▸ **Exercise data**:

(* In the setting below (even case, with $T$ defined via normalizing matrices $\lambda_k$ homogeneous of degree $-1$ as described), for every $\mu\neq0$ and $\eta\in\mathbb C$, $$\det\big(Q_0(\mu)Q_1(\mu)\cdots Q_{N-1}(\mu)-\eta I_{nm}\big)$$ takes the same value at the coordinates $(a_k^i)$ and at their images $(T(a_k^i))$; i.e. $T$ preserves the spectral curve $\det(Q_0(\mu)\cdots Q_{N-1}(\mu)-\eta I_{nm})=0$.
   Context: Integers $n\ge1$, $s\ge2$, $m=2s$; $a_k^0,\dots,a_k^{m-1}$ are $n\times n$ matrices, $N$-periodic in $k$. $Q_k(\mu)$ is the $mn\times mn$ block matrix with $I_n$ in blocks $(i+1,i)$, last block column $(a_k^0;\mu a_k^1;a_k^2;\mu a_k^3;\dots;a_k^{2s-2};\mu a_k^{2s-1})$ and $O_n$ elsewhere; $Q_k=Q_k(1)$. $r_k=(O_n;a_k^1;O_n;\dots;O_n;a_k^{2s-1})$, $F^{(k)}_0=r_k$, $F^{(k)}_\ell=Q_k\cdots Q_{k+\ell-1}r_{k+\ell}$, $N_k=(F^{(k)}_0,\dots,F^{(k)}_{m-1})$, assumed invertible. $(\lambda_k)$ are $N$-periodic invertible $n\times n$ matrices whose entries are rational functions of the $a$'s homogeneous of degree $-1$ under the scaling $a^{2r+1}\mapsto\mu a^{2r+1}$, $a^{2r}\mapsto a^{2r}$; $\Lambda_k=\mathrm{diag}(\lambda_k,\dots,\lambda_{k+m-1})$. The map $T$ sends $a_k^i$ to the $i$-th $n\times n$ block (counting from $0$) of the last block column of $\Lambda_k^{-1}N_k^{-1}Q_kN_{k+1}\Lambda_{k+1}$ (the Grassmannian pentagram map on the moduli space of twisted $N$-gons in $\mathrm{Gr}(n,2sn)$ written in these coordinates). *)

theory Defs
  imports "Jordan_Normal_Form.Gauss_Jordan_Elimination" "Jordan_Normal_Form.Determinant"
begin

text \<open>Coordinates: a k i is the n x n matrix a_k^i (k the vertex index, i = 0..m-1).
  All block matrices are mn x mn; row/column index p corresponds to block p div n,
  entry p mod n inside the block.\<close>

type_synonym coords = "nat \<Rightarrow> nat \<Rightarrow> complex mat"

definition minv :: "complex mat \<Rightarrow> complex mat" where
  "minv A = the (mat_inverse A)"

text \<open>Q_k(mu): identity blocks at (i+1,i), last block column
  (a_k^0; mu a_k^1; a_k^2; mu a_k^3; ...), zero elsewhere.\<close>
definition Qmat :: "nat \<Rightarrow> nat \<Rightarrow> coords \<Rightarrow> nat \<Rightarrow> complex \<Rightarrow> complex mat" where
  "Qmat n m a k \<mu> = mat (m*n) (m*n) (\<lambda>(p,q).
     if q div n = m - 1 then (if odd (p div n) then \<mu> else 1) * (a k (p div n) $$ (p mod n, q mod n))
     else if p div n = q div n + 1 \<and> p mod n = q mod n then 1 else 0)"

fun Qprod :: "nat \<Rightarrow> nat \<Rightarrow> coords \<Rightarrow> nat \<Rightarrow> nat \<Rightarrow> complex \<Rightarrow> complex mat" where
  "Qprod n m a k 0 \<mu> = 1\<^sub>m (m*n)"
| "Qprod n m a k (Suc l) \<mu> = Qprod n m a k l \<mu> * Qmat n m a (k + l) \<mu>"

definition rvec :: "nat \<Rightarrow> nat \<Rightarrow> coords \<Rightarrow> nat \<Rightarrow> complex mat" where
  "rvec n m a k = mat (m*n) n (\<lambda>(p,q).
     if odd (p div n) then a k (p div n) $$ (p mod n, q) else 0)"

definition Fvec :: "nat \<Rightarrow> nat \<Rightarrow> coords \<Rightarrow> nat \<Rightarrow> nat \<Rightarrow> complex mat" where
  "Fvec n m a k l = Qprod n m a k l 1 * rvec n m a (k + l)"

definition Nmat :: "nat \<Rightarrow> nat \<Rightarrow> coords \<Rightarrow> nat \<Rightarrow> complex mat" where
  "Nmat n m a k = mat (m*n) (m*n) (\<lambda>(p,q). Fvec n m a k (q div n) $$ (p, q mod n))"

definition Lmat :: "nat \<Rightarrow> nat \<Rightarrow> (nat \<Rightarrow> complex mat) \<Rightarrow> nat \<Rightarrow> complex mat" where
  "Lmat n m lam k = mat (m*n) (m*n) (\<lambda>(p,q).
     if p div n = q div n then lam (k + p div n) $$ (p mod n, q mod n) else 0)"

definition Tmap :: "nat \<Rightarrow> nat \<Rightarrow> (coords \<Rightarrow> nat \<Rightarrow> complex mat) \<Rightarrow> coords \<Rightarrow> coords" where
  "Tmap n m lam a k i =
     (let M = minv (Lmat n m (lam a) k) * minv (Nmat n m a k) * Qmat n m a k 1
              * Nmat n m a (Suc k) * Lmat n m (lam a) (Suc k)
      in mat n n (\<lambda>(p,q). M $$ (i*n + p, (m - 1)*n + q)))"

definition scale_odd :: "complex \<Rightarrow> coords \<Rightarrow> coords" where
  "scale_odd \<mu> a k i = (if odd i then \<mu> \<cdot>\<^sub>m a k i else a k i)"

end

theory Submission
  imports Defs
begin

text \<open>
  Write \<open>P(\<mu>) = Q\<^sub>0(\<mu>) \<cdots> Q\<^sub>N\<^sub>-\<^sub>1(\<mu>)\<close>, and let \<open>F\<^sup>(\<^sup>k\<^sup>)\<^sub>l(\<mu>)\<close>, \<open>N\<^sub>k(\<mu>)\<close> be
  built like \<open>F\<^sup>(\<^sup>k\<^sup>)\<^sub>l\<close>, \<open>N\<^sub>k\<close> but from the matrices \<open>Q\<^sub>j(\<mu>)\<close>. Since
  \<open>Q\<^sub>k(\<mu>) F\<^sup>(\<^sup>k\<^sup>+\<^sup>1\<^sup>)\<^sub>l(\<mu>) = F\<^sup>(\<^sup>k\<^sup>)\<^sub>l\<^sub>+\<^sub>1(\<mu>)\<close>, one has
  \<open>Q\<^sub>k(\<mu>) N\<^sub>k\<^sub>+\<^sub>1(\<mu>) = N\<^sub>k(\<mu>) C\<^sub>k(\<mu>)\<close> for the block companion matrix \<open>C\<^sub>k(\<mu>)\<close> whose
  last block column \<open>X\<^sub>k(\<mu>)\<close> solves \<open>N\<^sub>k(\<mu>) X = F\<^sup>(\<^sup>k\<^sup>)\<^sub>m(\<mu>)\<close>. Because \<open>m\<close> is even,
  the block columns of \<open>N\<^sub>k(\<mu>)\<close> and \<open>F\<^sup>(\<^sup>k\<^sup>)\<^sub>m(\<mu>)\<close> are combinations of the first block
  columns of \<open>Q\<^sub>k(\<mu>) \<cdots> Q\<^sub>k\<^sub>+\<^sub>2\<^sub>c(\<mu>)\<close> with coefficients that do not depend on \<open>\<mu>\<close>, up to
  a factor \<open>\<mu>\<close> on the odd block columns; hence \<open>X\<^sub>k(\<mu>) = D(\<mu>) X\<^sub>k(1)\<close> with
  \<open>D(\<mu>) = diag(1, \<mu>, 1, \<mu>, \<dots>)\<close>. The definition of \<open>T\<close> says precisely that the matrices
  \<open>Q'\<^sub>k(\<mu>)\<close> of the image coordinates satisfy \<open>\<Lambda>\<^sub>k Q'\<^sub>k(\<mu>) = C\<^sub>k(\<mu>) \<Lambda>\<^sub>k\<^sub>+\<^sub>1\<close>.
  Multiplying over a period, \<open>P(\<mu>) N\<^sub>0(\<mu>) = N\<^sub>0(\<mu>) C(\<mu>)\<close> and \<open>\<Lambda>\<^sub>0 P'(\<mu>) = C(\<mu>) \<Lambda>\<^sub>0\<close>,
  where \<open>P'(\<mu>) = Q'\<^sub>0(\<mu>) \<cdots> Q'\<^sub>N\<^sub>-\<^sub>1(\<mu>)\<close> and \<open>C(\<mu>) = C\<^sub>0(\<mu>) \<cdots> C\<^sub>N\<^sub>-\<^sub>1(\<mu>)\<close>, so the characteristic polynomials of \<open>P(\<mu>)\<close> and
  \<open>P'(\<mu>)\<close> agree wherever \<open>det N\<^sub>0(\<mu>) \<noteq> 0\<close>. As \<open>det N\<^sub>0(\<mu>)\<close> is a polynomial in \<open>\<mu>\<close>
  that does not vanish at \<open>\<mu> = 1\<close>, they agree for all \<open>\<mu>\<close>.
\<close>

lemma index_mult_mat_sum:
  assumes "A \<in> carrier_mat d e" "B \<in> carrier_mat e f" "i < d" "j < f"
  shows "(A * B) $$ (i,j) = (\<Sum>r<e. A $$ (i,r) * B $$ (r,j))"
  using assms by (simp add: scalar_prod_def lessThan_atLeast0)

lemma sum_lessThan_mult_blocks: "(\<Sum>r<m*n. f r) = (\<Sum>i<m. \<Sum>w<n. f (i*n + w :: nat))"
proof -
  have "(\<Sum>r\<in>{i*n..<i*n+n}. f r) = (\<Sum>w<n. f (i*n + w))" for i
    using sum.shift_bounds_nat_ivl[of f 0 "i*n" n] by (simp add: lessThan_atLeast0 add.commute)
  then show ?thesis using sum.nat_group[of f n m] by simp
qed

lemma block_index_less: "i < m \<Longrightarrow> u < n \<Longrightarrow> i*n + u < m*(n::nat)"
proof -
  assume "i < m" "u < n"
  then have "i*n + u < Suc i * n" by simp
  also have "\<dots> \<le> m*n" using \<open>i < m\<close> by (intro mult_le_mono1) simp
  finally show ?thesis .
qed

lemma block_div_mod_eq_iff: "u < n \<Longrightarrow> (r div n = j \<and> r mod n = u) \<longleftrightarrow> r = j*n + (u::nat)"
  by auto

lemma div_less_of_less_mult: "r < m*n \<Longrightarrow> r div n < (m::nat)"
  by (simp add: less_mult_imp_div_less)

lemma mod_less_of_less_mult: "r < m*n \<Longrightarrow> r mod n < (n::nat)"
  by (cases "n = 0") auto

lemma next_block_index_less:
  assumes q: "q < m*n" and "Suc (q div n) < m"
  shows "q + n < m*(n::nat)"
proof -
  have "q + n = Suc (q div n) * n + q mod n" using div_mult_mod_eq[of q n] by simp
  also have "\<dots> < m*n" using assms by (intro block_index_less) (auto intro: mod_less_of_less_mult)
  finally show ?thesis .
qed

lemma smult_one_mat[simp]: "(1::'a::monoid_mult) \<cdot>\<^sub>m A = A"
  by (rule eq_matI) auto

lemma invertible_mat_obtain_inverse:
  assumes A: "A \<in> carrier_mat d d" and "invertible_mat A"
  obtains B where "B \<in> carrier_mat d d" "A * B = 1\<^sub>m d" "B * A = 1\<^sub>m d"
proof -
  obtain B where AB: "A * B = 1\<^sub>m (dim_row A)" "B * A = 1\<^sub>m (dim_row B)"
    using assms unfolding invertible_mat_def inverts_mat_def by blast
  have "dim_col B = d" using AB(1) A by (metis carrier_matD(1) index_mult_mat(3) index_one_mat(3))
  moreover have "dim_row B = d" using AB(2) A by (metis carrier_matD(2) index_mult_mat(3) index_one_mat(3))
  ultimately show ?thesis using that AB A by auto
qed

lemma invertible_mat_det_nonzero:
  fixes A :: "'a::comm_ring_1 mat"
  assumes A: "A \<in> carrier_mat d d" and "invertible_mat A"
  shows "det A \<noteq> 0"
proof -
  obtain B where B: "B \<in> carrier_mat d d" "A * B = 1\<^sub>m d"
    using invertible_mat_obtain_inverse[OF assms] by blast
  have "det A * det B = 1" using det_mult[OF A B(1)] B(2) by simp
  then show ?thesis by auto
qed

lemma minv_inverse:
  assumes A: "A \<in> carrier_mat d d" and inv: "invertible_mat A"
  shows "A * minv A = 1\<^sub>m d" "minv A * A = 1\<^sub>m d" "minv A \<in> carrier_mat d d"
proof -
  obtain B where B: "B \<in> carrier_mat d d" "A * B = 1\<^sub>m d" "B * A = 1\<^sub>m d"
    using invertible_mat_obtain_inverse[OF assms] by blast
  then have "A \<in> Units (ring_mat TYPE(complex) d ())"
    using A unfolding Units_def by (auto simp: ring_mat_simps)
  then obtain C where C: "mat_inverse A = Some C"
    using mat_inverse(1)[OF A] by fastforce
  then show "A * minv A = 1\<^sub>m d" "minv A * A = 1\<^sub>m d" "minv A \<in> carrier_mat d d"
    using mat_inverse(2)[OF A C] unfolding minv_def by auto
qed

lemma mult_left_inverse_cancel:
  fixes A B X :: "'a::semiring_1 mat"
  assumes "A \<in> carrier_mat d d" "B \<in> carrier_mat d d" "B * A = 1\<^sub>m d" "X \<in> carrier_mat d e"
  shows "B * (A * X) = X"
  using assoc_mult_mat[OF assms(2,1,4)] assms(3) left_mult_one_mat[OF assms(4)] by simp

lemma det_char_mat_intertwine:
  fixes A B X :: "'a::comm_ring_1 mat"
  assumes A: "A \<in> carrier_mat d d" and B: "B \<in> carrier_mat d d" and X: "X \<in> carrier_mat d d"
    and AX: "A * X = X * B"
  shows "det (A - c \<cdot>\<^sub>m 1\<^sub>m d) * det X = det X * det (B - c \<cdot>\<^sub>m 1\<^sub>m d)"
proof -
  have cI: "c \<cdot>\<^sub>m 1\<^sub>m d \<in> carrier_mat d d" by simp
  have "(A - c \<cdot>\<^sub>m 1\<^sub>m d) * X = A * X - c \<cdot>\<^sub>m X"
    using minus_mult_distrib_mat[OF A cI X] mult_smult_assoc_mat[OF one_carrier_mat X] X by simp
  also have "\<dots> = X * (B - c \<cdot>\<^sub>m 1\<^sub>m d)"
    using mult_minus_distrib_mat[OF X B cI] mult_smult_distrib[OF X one_carrier_mat] X AX by simp
  finally show ?thesis
    using det_mult[OF minus_carrier_mat[OF cI] X] det_mult[OF X minus_carrier_mat[OF cI]] by metis
qed

section \<open>Block columns, companion and block-diagonal matrices\<close>

definition block_cols :: "nat \<Rightarrow> nat \<Rightarrow> nat \<Rightarrow> (nat \<Rightarrow> 'a mat) \<Rightarrow> 'a mat" where
  "block_cols d m n B = mat d (m*n) (\<lambda>(p,q). B (q div n) $$ (p, q mod n))"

▸ **Task item**: Go through the entries and report every line with the string "noteq".

▸ **Result for this task**:
  \<open>P'(\<mu>)\<close> agree wherever \<open>det N\<^sub>0(\<mu>) \<noteq> 0\<close>. As \<open>det N\<^sub>0(\<mu>)\<close> is a polynomial in \<open>\<mu>\<close>
  shows "det A \<noteq> 0"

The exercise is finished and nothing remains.